# Heat equation, periodic heating of a surface

1. Mar 5, 2015

### bobred

1. The problem statement, all variables and given/known data
The temperature variation at the surface is described by a Fourier
series
$$\theta(t)=\sum^\infty_{n=-\infty}\theta_n e^{2\pi i n t /T}$$
find an expression for the complex Fourier
series of the temperature at depth $d$ below the surface

2. Relevant equations
Solution of the diffusion equation
$$\theta(x,t)=\cos\left(\phi+\omega t-\sqrt{\dfrac{\omega}{2D}}x\right)\exp\left(-\sqrt{\dfrac{\omega}{2D}}x\right)$$

3. The attempt at a solution
A the surface $x=0$ so
$$\theta(0,t)=\cos\left(\omega t + \phi\right)$$

To find the coefficients $\theta_n$ I'm guessing I use the Fourier formula

$$\theta_n=\frac{1}{T}\int_0^T dt \, \theta(0,t) \exp\left( -2\pi i n t/T \right)$$

2. Mar 6, 2015

### Staff: Mentor

I don't think you can calculate the $\theta_n$. They are some given (but unknown) constants, and you have to modify your solution to fit this constraint.

You can start with an easy case: imagine $\theta_1=1$ and $\theta_n=0$ for all other n. That makes the temperature at x=0 a sine. Can you find the temperature at depth d?
What happens with $\theta_2=3$ and $\theta_n=0$ for all other n? What happens in the general case?

3. Mar 6, 2015

### bobred

Typo, $\theta(x,t)$ should be
$\theta(x,t)=A\cos\left(\phi+\omega t-\sqrt{\dfrac{\omega}{2D}}x\right)\exp\left(-\sqrt{\dfrac{\omega}{2D}}x\right)$ (c)
'The temperature is a superposition of solutions found in (c).
On the surface x=0...use this to determine the coefficients in the above and complete.'
Assuming I have got (c) correct!
James

4. Mar 7, 2015

### bobred

Appologies, $A=7.5^{\circ}$C, $\omega=\frac{\pi}{43200} s^{-1}$, $\phi=\frac{4}{3}$ and $D=5\times10^{-7} m^2/s$

5. Mar 7, 2015

### Staff: Mentor

Where do those numbers come from? You cannot fix them like that for the problem.

A superposition of those solutions is the right approach.

6. Mar 7, 2015

### bobred

These were given earlier in the question and you are right have no baring on this.

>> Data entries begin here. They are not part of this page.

lemma prod_le_1_if_sum_eq_card:
  fixes x :: "'i \<Rightarrow> real"
  assumes I: "finite I" and nonneg: "\<And>i. i \<in> I \<Longrightarrow> 0 \<le> x i" and sum: "(\<Sum>i\<in>I. x i) = card I"
  shows "(\<Prod>i\<in>I. x i) \<le> 1" and "1 \<le> (\<Prod>i\<in>I. x i) \<Longrightarrow> i \<in> I \<Longrightarrow> x i = 1"
proof -
  \<comment> \<open>\<open>x \<le> exp (x - 1)\<close>, with equality only at \<open>1\<close>, and the right-hand sides multiply to \<open>exp 0\<close>\<close>
  have exp_bound: "x i \<le> exp (x i - 1)" for i
    using exp_ge_add_one_self[of "x i - 1"] by simp
  have "(\<Prod>i\<in>I. exp (x i - 1)) = 1"
    using sum by (simp add: exp_sum[OF I, symmetric] sum_subtractf)
  moreover have "(\<Prod>i\<in>I. x i) \<le> (\<Prod>i\<in>I. exp (x i - 1))"
    using nonneg exp_bound by (intro prod_mono) auto
  ultimately show "(\<Prod>i\<in>I. x i) \<le> 1" by simp
  assume "1 \<le> (\<Prod>i\<in>I. x i)" and i: "i \<in> I"
  show "x i = 1"
  proof (rule ccontr)
    assume "x i \<noteq> 1"
    then have "x i < exp (x i - 1)" using exp_minus_greater[of "1 - x i"] by simp
    then have "(\<Prod>i\<in>I. x i) < (\<Prod>i\<in>I. exp (x i - 1))"
      using I i nonneg exp_bound by (intro prod_mono_strict[of i]) auto
    with \<open>1 \<le> (\<Prod>i\<in>I. x i)\<close> \<open>(\<Prod>i\<in>I. exp (x i - 1)) = 1\<close> show False by simp
  qed
qed

lemma gram_offdiag_eq_0:
  assumes A: "A \<in> carrier_mat n m" and rows: "\<And>r. r < n \<Longrightarrow> row_sqnorm A r = 1"
    and det_ge: "1 \<le> cmod (det (gram A))" and "a < n" "b < n" "a \<noteq> b"
  shows "gram A $$ (b,a) = 0"
proof (rule ccontr)
  \<comment> \<open>otherwise projecting row \<open>a\<close> out of row \<open>b\<close> shrinks it, contradicting Hadamard's inequality\<close>
  define s where "s = (\<Sum>l<m. A $$ (b,l) * cnj (A $$ (a,l)))"
  assume "gram A $$ (b,a) \<noteq> 0"
  then have "s \<noteq> 0" using index_gram[OF A \<open>b < n\<close> \<open>a < n\<close>] by (simp add: s_def)
  have row_a: "1 = (\<Sum>l<m. (cmod (A $$ (a,l)))^2)" using rows[OF \<open>a < n\<close>] A by (simp add: row_sqnorm_def)
  define A' where "A' = addrow (- s) b a A"
  have A': "A' \<in> carrier_mat n m" by (simp add: A'_def A)
  have "det (gram A') = det (gram A)"
    using det_gram_mult_left[OF A _ det_addrow_mat[OF \<open>a \<noteq> b\<close>[symmetric]]] addrow_mat[OF A \<open>a < n\<close>]
    by (simp add: A'_def)
  have rows': "row_sqnorm A' r = 1" if "r < n" "r \<noteq> b" for r
    using A that rows[OF that(1)] by (simp add: A'_def row_sqnorm_def)
  have "row_sqnorm A' b = (\<Sum>l<m. (cmod (A $$ (b,l) - s / of_real 1 * A $$ (a,l)))^2)"
    using A \<open>b < n\<close> by (simp add: A'_def row_sqnorm_def)
  also have "\<dots> = (\<Sum>l<m. (cmod (A $$ (b,l)))^2) - (cmod s)^2 / 1"
    by (rule orthogonal_projection_residual(1)[OF row_a s_def]) simp
  also have "\<dots> = 1 - (cmod s)^2" using rows[OF \<open>b < n\<close>] A by (simp add: row_sqnorm_def)
  finally have "row_sqnorm A' b < 1" using \<open>s \<noteq> 0\<close> by simp
  moreover have "(\<Prod>r<n. row_sqnorm A' r) = row_sqnorm A' b"
    using prod.remove[of "{..<n}" b "row_sqnorm A'"] \<open>b < n\<close> rows' by simp
  ultimately show False
    using hadamard_gram[OF A'] \<open>det (gram A') = det (gram A)\<close> det_ge by simp
qed

lemma det_gram_le_1:
  assumes A: "A \<in> carrier_mat n m" and rows: "(\<Sum>r<n. row_sqnorm A r) = n"
  shows "cmod (det (gram A)) \<le> 1"
  using hadamard_gram[OF A] prod_le_1_if_sum_eq_card(1)[of "{..<n}" "row_sqnorm A"] rows row_sqnorm_nonneg
  by fastforce

lemma gram_eq_one_if_det_ge_1:
  assumes A: "A \<in> carrier_mat n m" and rows: "(\<Sum>r<n. row_sqnorm A r) = n"
    and det_ge: "1 \<le> cmod (det (gram A))"
  shows "gram A = 1\<^sub>m n"
proof (rule eq_matI)
  have rows_1: "row_sqnorm A r = 1" if "r < n" for r
    using prod_le_1_if_sum_eq_card(2)[of "{..<n}" "row_sqnorm A"] hadamard_gram[OF A] rows det_ge that
      row_sqnorm_nonneg by fastforce
  fix i j assume "i < dim_row (1\<^sub>m n)" "j < dim_col (1\<^sub>m n)"
  then show "gram A $$ (i,j) = 1\<^sub>m n $$ (i,j)"
    using index_gram_diag[OF A] rows_1 gram_offdiag_eq_0[OF A rows_1 det_ge, of j i] by auto
qed (use carrier_mat_gram[OF A] in auto)

lemma cols_sub_altdef:
  assumes A: "A \<in> carrier_mat N M" and K: "K \<subseteq> {..<M}"
  shows "cols_sub A K = mat N (card K) (\<lambda>(i,j). A $$ (i, pick K j))"
proof -
  have "{j. j < dim_col A \<and> j \<in> K} = K" using A K by auto
  then show ?thesis
    using A by (intro eq_matI) (auto simp: cols_sub_def submatrix_def pick_lessThan)
qed

lemma carrier_mat_cols_sub:
  "A \<in> carrier_mat N M \<Longrightarrow> K \<subseteq> {..<M} \<Longrightarrow> cols_sub A K \<in> carrier_mat N (card K)"
  by (simp add: cols_sub_altdef)

lemma cols_sub_all: "A \<in> carrier_mat N M \<Longrightarrow> cols_sub A {..<M} = A"
  by (intro eq_matI) (auto simp: cols_sub_altdef pick_lessThan)

lemma cmod_det_gram_cols_sub:
  assumes A: "A \<in> carrier_mat N M" and K: "K \<subseteq> {..<M}"
  shows "cmod (det (gram (cols_sub A K))) = (\<Sum>J | J \<subseteq> K \<and> card J = N. (cmod (det (cols_sub A J)))^2)"
proof -
  have fK: "finite K" using K finite_subset by blast
  have "gram (cols_sub A K) = mat N N (\<lambda>(r,s). \<Sum>i\<in>K. A $$ (r,i) * cnj (A $$ (s,i)))"
  proof (rule eq_matI)
    note C = carrier_mat_cols_sub[OF A K]
    fix r s assume "r < dim_row (mat N N (\<lambda>(r,s). \<Sum>i\<in>K. A $$ (r,i) * cnj (A $$ (s,i))))"
      "s < dim_col (mat N N (\<lambda>(r,s). \<Sum>i\<in>K. A $$ (r,i) * cnj (A $$ (s,i))))"
    then have "r < N" "s < N" by auto
    then show "gram (cols_sub A K) $$ (r,s) = mat N N (\<lambda>(r,s). \<Sum>i\<in>K. A $$ (r,i) * cnj (A $$ (s,i))) $$ (r,s)"
      unfolding index_gram[OF C \<open>r < N\<close> \<open>s < N\<close>]
      using sum.reindex_bij_betw[OF bij_betw_pick[OF fK], of "\<lambda>i. A $$ (r,i) * cnj (A $$ (s,i))"]
      by (simp add: cols_sub_altdef[OF A K])
  qed (use carrier_mat_gram[OF carrier_mat_cols_sub[OF A K]] in auto)
  also note cauchy_binet[OF fK]
  also have "(\<Sum>J | J \<subseteq> K \<and> card J = N. det (mat N N (\<lambda>(r,s). A $$ (r, pick J s))) *
        det (mat N N (\<lambda>(r,s). cnj (A $$ (s, pick J r))))) =
      (\<Sum>J | J \<subseteq> K \<and> card J = N. of_real ((cmod (det (cols_sub A J)))^2))"
  proof (intro sum.cong refl)
    fix J assume "J \<in> {J. J \<subseteq> K \<and> card J = N}"
    then have JM: "J \<subseteq> {..<M}" and cJ: "card J = N" using K by auto
    have C: "cols_sub A J \<in> carrier_mat N N" using carrier_mat_cols_sub[OF A JM] cJ by simp
    have "mat N N (\<lambda>(r,s). A $$ (r, pick J s)) = cols_sub A J"
      by (simp add: cols_sub_altdef[OF A JM] cJ)
    moreover have "mat N N (\<lambda>(r,s). cnj (A $$ (s, pick J r))) = mat_adjoint (cols_sub A J)"
      using index_mat_adjoint[OF C] carrier_mat_adjoint[OF C]
      by (intro eq_matI) (auto simp: cols_sub_altdef[OF A JM] cJ)
    ultimately show "det (mat N N (\<lambda>(r,s). A $$ (r, pick J s))) * det (mat N N (\<lambda>(r,s). cnj (A $$ (s, pick J r)))) =
        of_real ((cmod (det (cols_sub A J)))^2)"
      by (simp only: det_mat_adjoint[OF C] complex_norm_square)
  qed
  also have "\<dots> = of_real (\<Sum>J | J \<subseteq> K \<and> card J = N. (cmod (det (cols_sub A J)))^2)"
    by (simp only: of_real_sum)
  finally show ?thesis by (simp only: norm_of_real) (simp add: sum_nonneg)
qed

So to get the coefficients I should set x=0 and use the Fourier formula to find them?

7. Mar 7, 2015

Yes.

8. Mar 7, 2015

### bobred

I have done some calculations but getting trivial answers.
I am taking
$$\theta(0,t)=\cos\left(2\pi n \ t/T + \phi\right)$$
and converting it to its complex exponential form and inserting into
$$\theta_n=\frac{1}{T}\int_0^T dt \, \theta(0,t) \exp\left( -2\pi i n t/T \right)$$
Should phi be included?

Last edited: Mar 7, 2015
9. Mar 7, 2015

### pasmith

You probably want to use the solution of the diffusion equation in the form $$Ce^{i\omega t}\exp\left(-\sqrt{\frac{\omega}{2D}}x - i\sqrt{\frac{\omega}{2D}}x \right)$$ with $x$ measuring distance below the surface.

10. Mar 7, 2015

### Staff: Mentor

You'll need phi if θn can be complex.

I still don't see what "inserting into [long equation]" is supposed to mean, but I agree that you don't need long calculations.

11. Mar 7, 2015

### bobred

By inserting into, I mean to work out the coefficients.
I'm a bit lost at the moment.

12. Mar 7, 2015

### pasmith

You should treat the coefficients $\theta_n$ as known. You are asked for "an expression for the complex Fourier
series of the temperature at depth d below the surface" so you are looking for an expression of the form $$\theta(d,t) = \sum_{n=-\infty}^\infty e^{2n\pi it/T}f_n(d)$$ where $e^{2n\pi it/T}f_n(x)$ is a solution of the diffusion equation with $f_n(0) = \theta_n$.

13. Mar 7, 2015

### bobred

So would
$$f_n(0)=\cos\left( 2\pi n t /T + \phi \right)$$